Krzak injured her back in October 2003 lifting a beverage cart over a threshold during a flight from Ontario, Canada, to Portland. A magnetic scan a month after the incident found three bulging discs in her back. Doctors gave her repeated epidural steroid injections to ease her pain, excused her from work and limited her lifting to 10 pounds. But she has needed painkillers ever since, she said, though she's since regained motion and returned to swimming and yoga.

She filed a workers' compensation claim immediately after the injury that was at first accepted by her employer's insurance claims manager. But the management firm required her to fly from her home in Florida to Portland twice in 2004 for examinations.

Both times, at exams arranged by Oregon Medical Evaluations Inc., examiners contradicted her attending doctors in Florida, finding her back injury "mild" and Krzak fit to go back to work "at any time," according to reports provided by Krzak's attorney.

The second exam in April 2004 concluded she was suffering from "a pre-existing degenerative disease of the lumbar spine," a natural effect of aging, and suggested she could return to work as a flight attendant.

Krzak said the examiners arrived at their conclusion without taking X-rays or MRIs, asking her to bend her legs and back instead.

"It just didn't feel like a medical examination," she said. "It was more like being on a witness stand in court where they were just questioning you and questioning you. And if you tried explaining anything, they'd cut you off."

Later that April, her employer's claims manager accepted her claim, then, four days later, denied it to be retroactive effective January 2004, citing the finding of a pre-existing condition.

Claims managers with the Portland office of ESIS Inc., which handles claims for Krzak's employer, declined to comment. Lannitta Walden, president of Oregon Medical Evaluations, referred questions to the doctors.

"We are the facilitator," Walden said. "We are not the expertise."

Ernest Delmazzo, a worker advocate who has long pushed for workers' compensation reforms, considers SB311 a major victory, though he wanted more protections for workers, including a right to record the exam.

"This bill is far from what we feel should be appropriate," said Delmazzo, who operates a Web site, www.injuredworker.org. "But obviously, it's a huge step forward considering there's zero oversight."

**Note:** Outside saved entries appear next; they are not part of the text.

lemma phi_limit_exists: "\<exists>z. phi_limit I \<phi> x z"
proof -
  have "\<forall>\<alpha>. \<exists>v. \<exists>E\<in>I. \<phi> (restr x E) \<alpha> = Some v"
    using phi_restr_defined_at by blast
  from choice[OF this] obtain z where z: "\<forall>\<alpha>. \<exists>E\<in>I. \<phi> (restr x E) \<alpha> = Some (z \<alpha>)" ..
  have "phi_limit I \<phi> x z"
    unfolding phi_limit_def
  proof
    fix D assume "D \<in> I"
    then obtain E where E: "E \<in> I" "D \<subseteq> dom (\<phi> (restr x E))"
      using phi_restr_defined by blast
    show "\<exists>E\<in>I. \<forall>E'\<in>I. E \<subseteq> E' \<longrightarrow> (\<forall>\<alpha>\<in>D. \<phi> (restr x E') \<alpha> = Some (z \<alpha>))"
    proof (intro bexI[OF _ E(1)] ballI impI)
      fix E' \<alpha> assume "E' \<in> I" "E \<subseteq> E'" "\<alpha> \<in> D"
      then obtain u where u: "\<phi> (restr x E) \<alpha> = Some u"
        using E(2) by auto
      obtain E\<^sub>\<alpha> where "E\<^sub>\<alpha> \<in> I" "\<phi> (restr x E\<^sub>\<alpha>) \<alpha> = Some (z \<alpha>)"
        using z by blast
      then have "z \<alpha> = u"
        using phi_restr_consistent[OF _ E(1) _ u] by simp
      then show "\<phi> (restr x E') \<alpha> = Some (z \<alpha>)"
        using phi_restr_extend[OF E(1) \<open>E' \<in> I\<close> \<open>E \<subseteq> E'\<close> u] by simp
    qed
  qed
  then show ?thesis by blast
qed

lemma phi_limit_unique:
  assumes "phi_limit I \<phi> x z" "phi_limit I \<phi> x z'"
  shows "z' = z"
proof
  fix \<alpha>
  obtain E v where "E \<in> I" "\<phi> (restr x E) \<alpha> = Some v"
    using phi_restr_defined_at by blast
  then show "z' \<alpha> = z \<alpha>"
    using phi_limit_eqI[OF assms(1)] phi_limit_eqI[OF assms(2)] by simp
qed

lemma phi_limit_phi_star: "phi_limit I \<phi> x (phi_star I \<phi> x)"
proof -
  obtain z where z: "phi_limit I \<phi> x z"
    using phi_limit_exists ..
  show ?thesis
    unfolding phi_star_eq_The
    by (rule theI[where P = "phi_limit I \<phi> x", OF z phi_limit_unique[OF z]])
qed

lemma phi_star_eqI: "E \<in> I \<Longrightarrow> \<phi> (restr x E) a = Some v \<Longrightarrow> phi_star I \<phi> x a = v"
  by (rule phi_limit_eqI[OF phi_limit_phi_star])

lemma phi_star_eq_on_Nbhd:
  assumes "E \<in> I" "y \<in> Nbhd (restr x E)" "a \<in> dom (\<phi> (restr x E))"
  shows "phi_star I \<phi> y a = phi_star I \<phi> x a"
proof -
  obtain v where v: "\<phi> (restr x E) a = Some v"
    using assms(3) by auto
  then have "\<phi> (restr y E) a = Some v"
    using restr_eq_if_in_Nbhd[OF assms(2)] by simp
  then show ?thesis
    using phi_star_eqI[OF assms(1)] v by simp
qed

lemma openin_tau_preimage_phi_star:
  assumes "f \<in> Fn I"
  shows "openin (tau I) (phi_star I \<phi> -` Nbhd f)"
proof (subst openin_subopen, intro ballI)
  fix x assume x: "x \<in> phi_star I \<phi> -` Nbhd f"
  obtain E where E: "E \<in> I" "dom f \<subseteq> dom (\<phi> (restr x E))"
    using phi_restr_defined assms unfolding Fn_def by blast
  have "Nbhd (restr x E) \<subseteq> phi_star I \<phi> -` Nbhd f"
  proof
    fix y assume y: "y \<in> Nbhd (restr x E)"
    have "f a = Some (phi_star I \<phi> y a)" if "a \<in> dom f" for a
    proof -
      have "a \<in> dom (\<phi> (restr x E))"
        using E(2) that by blast
      then show ?thesis
        using x that phi_star_eq_on_Nbhd[OF E(1) y] by (auto simp: Nbhd_def map_le_def)
    qed
    then show "y \<in> phi_star I \<phi> -` Nbhd f"
      by (simp add: Nbhd_def map_le_def)
  qed
  then show "\<exists>T. openin (tau I) T \<and> x \<in> T \<and> T \<subseteq> phi_star I \<phi> -` Nbhd f"
    by (intro exI[of _ "Nbhd (restr x E)"] conjI openin_tau_Nbhd restr_in_Fn E(1) restr_in_Nbhd)
qed

lemma continuous_map_phi_star: "continuous_map (tau I) (tau I) (phi_star I \<phi>)"
  using ideal_singleton
proof (rule continuous_map_into_tau)
  have "topspace (tau I :: ('k \<Rightarrow> 'v) topology) = UNIV"
    by (rule topspace_tau[OF ideal_singleton])
  then show "openin (tau I) (phi_star I \<phi> -` Nbhd f \<inter> topspace (tau I))" if "f \<in> Fn I" for f
    using openin_tau_preimage_phi_star[OF that] by simp
qed

end

theorem proposition3p2:
  fixes r :: "'k rel" and I :: "'k set set"
    and \<phi> :: "('k \<rightharpoonup> 'v) \<Rightarrow> ('k \<rightharpoonup> 'v)"
  assumes "card_order r"
    and "\<not> countable (UNIV :: 'k set)"
    and "regularCard r"
    and "kappa_complete_ideal r I"
    and "card (UNIV :: 'v set) = 2 \<or> (card_of (UNIV :: 'v set), r) \<in> ordIso"
    and "\<forall>f\<in>Fn I. \<phi> f \<in> Fn I"
    and "continuous_Fn I \<phi>"
  shows "continuous_map (tau I) (tau I) (phi_star I \<phi>)"
proof -
  have field: "Field r = UNIV" and wo: "Well_order r"
    using well_order_on_Well_order[OF card_order_on_well_order_on[OF assms(1)]] by auto
  have "infinite (Field r)"
    using assms(2) field countable_finite by auto
  then interpret continuous_Fn_map I \<phi>
    using kappa_complete_ideal_Un[OF wo] kappa_complete_ideal_singleton[OF wo] field assms(4,7)
    by unfold_locales auto
  show ?thesis by (rule continuous_map_phi_star)
qed

end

The bill boasts an unusual coalition of support from both worker advocates and business lobbyists, following months of negotiations.

Aside from the "independent" name change, it includes a penalty for workers who fail to show up for exams.

"The outcome for the IMEs could've been . . . a lot worse," said J.L. Wilson, the Oregon director for the National Federation of Independent Business. "We actually think it's a good thing for business."